Task directions. Filter the entries, keeping every line with the string "length".
━━━
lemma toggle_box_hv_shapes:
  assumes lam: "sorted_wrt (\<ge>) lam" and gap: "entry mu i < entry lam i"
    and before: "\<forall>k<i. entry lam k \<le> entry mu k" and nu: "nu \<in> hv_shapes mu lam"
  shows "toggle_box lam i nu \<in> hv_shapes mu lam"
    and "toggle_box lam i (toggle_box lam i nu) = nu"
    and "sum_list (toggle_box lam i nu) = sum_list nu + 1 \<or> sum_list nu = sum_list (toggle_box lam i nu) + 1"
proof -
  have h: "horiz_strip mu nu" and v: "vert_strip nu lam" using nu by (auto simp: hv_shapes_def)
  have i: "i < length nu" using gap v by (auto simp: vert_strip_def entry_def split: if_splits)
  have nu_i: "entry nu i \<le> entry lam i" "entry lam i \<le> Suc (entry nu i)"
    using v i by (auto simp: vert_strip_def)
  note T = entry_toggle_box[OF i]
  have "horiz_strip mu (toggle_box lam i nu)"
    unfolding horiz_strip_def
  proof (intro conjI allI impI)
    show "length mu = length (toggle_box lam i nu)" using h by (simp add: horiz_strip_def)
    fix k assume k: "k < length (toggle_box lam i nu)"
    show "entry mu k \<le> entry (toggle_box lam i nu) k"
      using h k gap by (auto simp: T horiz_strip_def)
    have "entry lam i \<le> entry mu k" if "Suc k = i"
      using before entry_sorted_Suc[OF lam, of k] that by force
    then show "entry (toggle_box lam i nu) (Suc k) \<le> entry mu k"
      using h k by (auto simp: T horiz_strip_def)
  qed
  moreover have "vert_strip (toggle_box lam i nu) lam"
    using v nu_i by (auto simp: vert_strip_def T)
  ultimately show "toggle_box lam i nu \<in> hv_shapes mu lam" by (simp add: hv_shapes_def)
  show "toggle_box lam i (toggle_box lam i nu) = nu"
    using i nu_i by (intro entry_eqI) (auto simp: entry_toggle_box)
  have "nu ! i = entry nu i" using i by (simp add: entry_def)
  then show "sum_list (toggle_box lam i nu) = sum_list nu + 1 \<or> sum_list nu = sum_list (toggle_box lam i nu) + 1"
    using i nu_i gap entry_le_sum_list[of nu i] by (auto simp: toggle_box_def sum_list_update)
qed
━━━
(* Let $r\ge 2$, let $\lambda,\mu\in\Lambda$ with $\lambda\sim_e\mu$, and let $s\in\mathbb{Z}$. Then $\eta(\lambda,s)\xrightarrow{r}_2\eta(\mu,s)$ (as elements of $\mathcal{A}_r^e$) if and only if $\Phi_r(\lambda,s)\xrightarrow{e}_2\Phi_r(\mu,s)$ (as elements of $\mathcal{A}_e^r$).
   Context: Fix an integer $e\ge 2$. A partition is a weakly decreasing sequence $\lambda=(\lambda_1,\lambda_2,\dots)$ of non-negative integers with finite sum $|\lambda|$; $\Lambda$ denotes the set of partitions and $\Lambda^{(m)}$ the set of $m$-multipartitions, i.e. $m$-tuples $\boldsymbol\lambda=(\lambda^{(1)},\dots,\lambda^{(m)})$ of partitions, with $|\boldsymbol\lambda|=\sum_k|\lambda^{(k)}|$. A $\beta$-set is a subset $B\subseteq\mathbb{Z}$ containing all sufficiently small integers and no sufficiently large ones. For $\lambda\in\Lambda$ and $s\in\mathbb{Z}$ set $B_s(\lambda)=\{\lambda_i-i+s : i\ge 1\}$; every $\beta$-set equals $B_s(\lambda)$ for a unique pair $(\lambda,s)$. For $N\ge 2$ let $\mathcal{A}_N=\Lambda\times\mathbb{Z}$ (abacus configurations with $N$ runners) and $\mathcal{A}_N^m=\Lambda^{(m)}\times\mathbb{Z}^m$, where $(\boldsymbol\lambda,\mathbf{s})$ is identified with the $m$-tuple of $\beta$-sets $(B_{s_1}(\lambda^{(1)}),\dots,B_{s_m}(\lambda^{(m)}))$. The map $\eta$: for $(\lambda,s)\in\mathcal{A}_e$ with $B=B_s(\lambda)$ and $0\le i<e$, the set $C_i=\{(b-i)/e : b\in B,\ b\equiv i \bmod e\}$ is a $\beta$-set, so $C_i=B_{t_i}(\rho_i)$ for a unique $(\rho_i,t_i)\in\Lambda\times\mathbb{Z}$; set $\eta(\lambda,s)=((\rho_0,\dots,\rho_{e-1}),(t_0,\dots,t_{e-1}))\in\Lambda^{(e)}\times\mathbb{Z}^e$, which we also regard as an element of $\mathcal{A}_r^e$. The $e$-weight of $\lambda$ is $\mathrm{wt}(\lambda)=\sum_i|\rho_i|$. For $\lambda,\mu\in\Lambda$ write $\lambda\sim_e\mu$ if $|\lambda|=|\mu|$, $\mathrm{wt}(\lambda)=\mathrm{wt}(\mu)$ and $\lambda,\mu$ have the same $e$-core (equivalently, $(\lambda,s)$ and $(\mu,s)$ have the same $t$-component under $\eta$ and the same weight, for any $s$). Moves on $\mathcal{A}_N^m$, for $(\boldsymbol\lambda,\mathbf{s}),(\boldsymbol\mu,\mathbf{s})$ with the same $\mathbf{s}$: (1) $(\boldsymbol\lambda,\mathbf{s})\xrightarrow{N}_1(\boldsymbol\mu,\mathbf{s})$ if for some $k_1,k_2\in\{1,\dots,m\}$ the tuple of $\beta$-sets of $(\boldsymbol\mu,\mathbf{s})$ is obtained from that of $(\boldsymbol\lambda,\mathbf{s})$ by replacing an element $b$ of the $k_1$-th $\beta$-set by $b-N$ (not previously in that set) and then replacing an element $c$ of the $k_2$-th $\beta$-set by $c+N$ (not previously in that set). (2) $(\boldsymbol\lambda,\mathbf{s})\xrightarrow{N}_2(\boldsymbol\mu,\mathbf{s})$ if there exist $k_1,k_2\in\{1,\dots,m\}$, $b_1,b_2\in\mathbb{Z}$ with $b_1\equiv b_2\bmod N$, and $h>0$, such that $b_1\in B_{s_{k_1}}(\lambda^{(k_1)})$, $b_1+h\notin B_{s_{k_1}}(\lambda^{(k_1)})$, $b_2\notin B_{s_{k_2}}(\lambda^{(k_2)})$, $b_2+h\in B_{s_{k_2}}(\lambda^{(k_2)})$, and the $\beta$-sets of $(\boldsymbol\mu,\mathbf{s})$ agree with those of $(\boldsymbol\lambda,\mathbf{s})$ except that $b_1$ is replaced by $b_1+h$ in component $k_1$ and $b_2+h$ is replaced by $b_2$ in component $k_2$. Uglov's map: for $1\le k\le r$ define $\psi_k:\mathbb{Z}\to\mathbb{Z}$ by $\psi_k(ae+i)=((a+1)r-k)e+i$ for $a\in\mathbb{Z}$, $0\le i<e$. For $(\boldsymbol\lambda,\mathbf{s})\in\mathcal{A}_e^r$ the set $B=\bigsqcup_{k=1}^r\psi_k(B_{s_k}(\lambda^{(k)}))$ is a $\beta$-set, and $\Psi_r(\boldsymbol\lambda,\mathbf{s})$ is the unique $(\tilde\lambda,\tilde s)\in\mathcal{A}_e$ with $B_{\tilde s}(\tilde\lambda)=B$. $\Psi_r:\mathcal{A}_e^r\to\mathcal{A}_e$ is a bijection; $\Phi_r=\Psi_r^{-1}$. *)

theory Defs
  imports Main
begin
━━━
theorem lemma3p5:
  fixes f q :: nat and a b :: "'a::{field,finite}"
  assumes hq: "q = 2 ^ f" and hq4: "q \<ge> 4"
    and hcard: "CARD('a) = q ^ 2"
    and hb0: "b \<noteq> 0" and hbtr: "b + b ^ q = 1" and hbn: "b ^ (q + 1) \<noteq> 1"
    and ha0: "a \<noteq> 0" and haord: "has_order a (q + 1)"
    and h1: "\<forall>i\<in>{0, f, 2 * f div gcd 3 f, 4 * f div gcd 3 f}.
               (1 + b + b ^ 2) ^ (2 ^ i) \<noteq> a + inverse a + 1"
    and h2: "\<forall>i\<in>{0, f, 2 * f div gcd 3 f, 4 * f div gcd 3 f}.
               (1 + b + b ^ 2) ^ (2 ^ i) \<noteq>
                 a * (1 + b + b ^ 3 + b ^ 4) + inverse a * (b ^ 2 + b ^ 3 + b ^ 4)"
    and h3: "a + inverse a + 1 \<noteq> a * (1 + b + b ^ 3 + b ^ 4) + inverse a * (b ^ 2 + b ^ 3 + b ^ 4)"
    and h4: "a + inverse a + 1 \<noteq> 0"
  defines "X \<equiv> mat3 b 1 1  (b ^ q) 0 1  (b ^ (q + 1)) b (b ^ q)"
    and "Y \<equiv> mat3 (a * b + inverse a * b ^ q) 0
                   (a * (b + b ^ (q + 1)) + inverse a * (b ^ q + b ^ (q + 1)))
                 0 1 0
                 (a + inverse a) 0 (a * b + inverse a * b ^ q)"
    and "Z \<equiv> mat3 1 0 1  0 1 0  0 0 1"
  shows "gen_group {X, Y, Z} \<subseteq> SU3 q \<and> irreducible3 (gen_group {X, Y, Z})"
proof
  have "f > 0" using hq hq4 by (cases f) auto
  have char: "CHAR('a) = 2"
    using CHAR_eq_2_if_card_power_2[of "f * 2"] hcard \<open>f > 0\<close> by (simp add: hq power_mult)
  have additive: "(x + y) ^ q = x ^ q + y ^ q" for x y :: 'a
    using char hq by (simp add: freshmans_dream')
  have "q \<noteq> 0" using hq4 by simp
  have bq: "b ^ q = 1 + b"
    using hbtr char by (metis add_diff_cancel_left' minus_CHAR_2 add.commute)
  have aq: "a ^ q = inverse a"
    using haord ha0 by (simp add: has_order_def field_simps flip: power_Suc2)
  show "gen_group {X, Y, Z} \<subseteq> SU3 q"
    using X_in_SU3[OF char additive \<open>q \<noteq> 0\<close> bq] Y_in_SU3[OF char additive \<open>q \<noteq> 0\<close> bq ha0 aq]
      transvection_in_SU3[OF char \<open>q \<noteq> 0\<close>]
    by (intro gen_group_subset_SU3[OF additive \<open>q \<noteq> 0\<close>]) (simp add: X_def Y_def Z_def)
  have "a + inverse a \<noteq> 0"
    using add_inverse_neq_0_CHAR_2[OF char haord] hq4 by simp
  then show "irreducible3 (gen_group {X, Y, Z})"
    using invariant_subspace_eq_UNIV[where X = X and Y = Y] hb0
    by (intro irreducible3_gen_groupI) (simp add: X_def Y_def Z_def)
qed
━━━
Response area.
  have i: "i < length nu" using gap v by (auto simp: vert_strip_def entry_def split: if_splits)
    show "length mu = length (toggle_box lam i nu)" using h by (simp add: horiz_strip_def)
    fix k assume k: "k < length (toggle_box lam i nu)"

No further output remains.